I dont know much about long fist. It is a northern style, 12 hand forms, 2 partner forms, 9 solo weapon forms, and 2 partner weapon forms. It emphasizes long to mid range. From what I've seen, Long Fist looks like Wing Chun, only about 2-3' further away. I beleive there is 12 styles of Chang Chuan. Long Fist has many different leaps and jumps as well.


----------



## Black Tiger Fist (Aug 18, 2004)

Hanzo04 said:
			
		

> finally someone responds! i don't know what type of long fist's there are. is there a main style?

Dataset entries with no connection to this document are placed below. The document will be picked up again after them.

(* Let $\mathcal{C}$ be a permutation class (resp. polyomino class) and let $\mathcal{M}$ be an $m$-basis of $\mathcal{C}$. Then the $p$-basis of $\mathcal{C}$ consists of all permutations (resp. polyominoes) that contain a submatrix belonging to $\mathcal{M}$ and that are minimal (with respect to the pattern order on permutations, resp. on polyominoes) for this property.
   Context: Binary matrices have entries in $\{0,1\}$; $M'\preccurlyeq M$ (submatrix order) means $M'$ is obtained from $M$ by deleting some rows and/or columns. A permutation $\sigma$ of $\{1,\dots,n\}$ is identified with its permutation matrix ($M_\sigma(i,j)=1$ iff $i=\sigma(j)$); the pattern order on permutations is the submatrix order restricted to permutation matrices, and a permutation class is a downward closed set for it. A polyomino is a finite edge-connected union of unit cells of $\mathbb{Z}^2$ up to translation, identified with the binary matrix of its minimal bounding rectangle ($1$ for cells, $0$ otherwise); the pattern order on polyominoes is the submatrix order restricted to polyominoes, and a polyomino class is a downward closed set for it. $Av(\mathcal{M})$ is the set of permutations (resp. polyominoes) with no submatrix in $\mathcal{M}$. The $p$-basis of $\mathcal{C}$ is the set of minimal permutations (resp. polyominoes), for the pattern order, not belonging to $\mathcal{C}$. An $m$-basis of $\mathcal{C}$ is an antichain $\mathcal{M}$ of binary matrices for $\preccurlyeq$ with $\mathcal{C}=Av(\mathcal{M})$. *)

theory Defs
  imports "HOL-Combinatorics.Permutations"
begin

text \<open>A binary matrix: (number of rows m, number of columns n, set of positions of 1-entries),
  positions 0-indexed, (i,j) = (row, column).\<close>
type_synonym bmat = "nat \<times> nat \<times> (nat \<times> nat) set"

definition wf_bmat :: "bmat \<Rightarrow> bool" where
  "wf_bmat M \<longleftrightarrow> (case M of (m, n, E) \<Rightarrow> E \<subseteq> {..<m} \<times> {..<n})"

definition submatrix :: "bmat \<Rightarrow> bmat \<Rightarrow> bool" (infix "\<preceq>\<^sub>m" 50) where
  "M' \<preceq>\<^sub>m M \<longleftrightarrow> (case M' of (m', n', E') \<Rightarrow> case M of (m, n, E) \<Rightarrow>
     wf_bmat M' \<and> wf_bmat M \<and>
     (\<exists>r c. strict_mono_on {..<m'} r \<and> r ` {..<m'} \<subseteq> {..<m} \<and>
            strict_mono_on {..<n'} c \<and> c ` {..<n'} \<subseteq> {..<n} \<and>
            (\<forall>i<m'. \<forall>j<n'. ((i, j) \<in> E' \<longleftrightarrow> (r i, c j) \<in> E))))"

definition perm_mat :: "nat \<Rightarrow> (nat \<Rightarrow> nat) \<Rightarrow> bmat" where
  "perm_mat n \<sigma> = (n, n, {(\<sigma> j, j) | j. j < n})"

definition perms :: "bmat set" where
  "perms = {perm_mat n \<sigma> | n \<sigma>. \<sigma> permutes {..<n}}"

definition cell_adj :: "nat \<times> nat \<Rightarrow> nat \<times> nat \<Rightarrow> bool" where
  "cell_adj a b \<longleftrightarrow> (case a of (i, j) \<Rightarrow> case b of (i', j') \<Rightarrow>
      (i = i' \<and> (j' = Suc j \<or> j = Suc j')) \<or> (j = j' \<and> (i' = Suc i \<or> i = Suc i')))"

text \<open>Polyominoes, identified with the binary matrix of their minimal bounding rectangle:
  nonempty finite edge-connected set of cells, and every row and column of the bounding
  rectangle contains a cell (minimality).\<close>
definition polys :: "bmat set" where
  "polys = {(m, n, E) | m n E. wf_bmat (m, n, E) \<and> E \<noteq> {} \<and>
      (\<forall>i<m. \<exists>j. (i, j) \<in> E) \<and> (\<forall>j<n. \<exists>i. (i, j) \<in> E) \<and>
      (\<forall>a\<in>E. \<forall>b\<in>E. (\<lambda>x y. x \<in> E \<and> y \<in> E \<and> cell_adj x y)\<^sup>*\<^sup>* a b)}"

text \<open>Generic notions relative to a universe U (permutations or polyominoes), whose
  pattern order is the submatrix order restricted to U.\<close>
definition is_class :: "bmat set \<Rightarrow> bmat set \<Rightarrow> bool" where
  "is_class U C \<longleftrightarrow> C \<subseteq> U \<and> (\<forall>x\<in>C. \<forall>y\<in>U. y \<preceq>\<^sub>m x \<longrightarrow> y \<in> C)"

definition Av :: "bmat set \<Rightarrow> bmat set \<Rightarrow> bmat set" where
  "Av U Ms = {x \<in> U. \<not> (\<exists>M\<in>Ms. M \<preceq>\<^sub>m x)}"

definition p_basis :: "bmat set \<Rightarrow> bmat set \<Rightarrow> bmat set" where
  "p_basis U C = {x \<in> U. x \<notin> C \<and> (\<forall>y\<in>U. y \<preceq>\<^sub>m x \<and> y \<noteq> x \<longrightarrow> y \<in> C)}"

definition m_basis :: "bmat set \<Rightarrow> bmat set \<Rightarrow> bmat set \<Rightarrow> bool" where
  "m_basis U C Ms \<longleftrightarrow> (\<forall>M\<in>Ms. wf_bmat M) \<and>
     (\<forall>A\<in>Ms. \<forall>B\<in>Ms. A \<preceq>\<^sub>m B \<longrightarrow> A = B) \<and> C = Av U Ms"

end

theory Submission
  imports Defs
begin

lemma p_basis_Av:
  "p_basis U (Av U Ms) =
    {x \<in> U. (\<exists>M\<in>Ms. M \<preceq>\<^sub>m x) \<and>
            (\<forall>y\<in>U. y \<preceq>\<^sub>m x \<and> y \<noteq> x \<longrightarrow> \<not> (\<exists>M\<in>Ms. M \<preceq>\<^sub>m y))}"
  unfolding p_basis_def Av_def by blast

theorem proposition8:
  fixes U C Ms :: "bmat set"
  assumes "U = perms \<or> U = polys"
    and "is_class U C"
    and "m_basis U C Ms"
  shows "p_basis U C =
    {x \<in> U. (\<exists>M\<in>Ms. M \<preceq>\<^sub>m x) \<and>
            (\<forall>y\<in>U. y \<preceq>\<^sub>m x \<and> y \<noteq> x \<longrightarrow> \<not> (\<exists>M\<in>Ms. M \<preceq>\<^sub>m y))}"
proof -
  have "C = Av U Ms" using \<open>m_basis U C Ms\<close> by (simp add: m_basis_def)
  then show ?thesis by (simp add: p_basis_Av)
qed

end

I'd say the most common longfist style ,is Bak Sil Lum (Northern Shaolin) You can find it almost anywhere.



			
				Shogun said:
			
		

> From what I've seen, Long Fist looks like Wing Chun, only about 2-3' further away. I beleive there is 12 styles of Chang Chuan. Long Fist has many different leaps and jumps as well.


Hmmm

I don't know what longfist you've seen that looks anything like Wing Chun.:idunno: 

Wing Chun tends to have alot of inclose straight line attacks ,where Longfist has more circular flowing and yes longrange attacks. Also Longfist has many kicking techniques ,where as Wing Chun doesn't use many kicks.

There are a few different styles of longfist that is true. you also have Piqua (Pek Kwar) among others.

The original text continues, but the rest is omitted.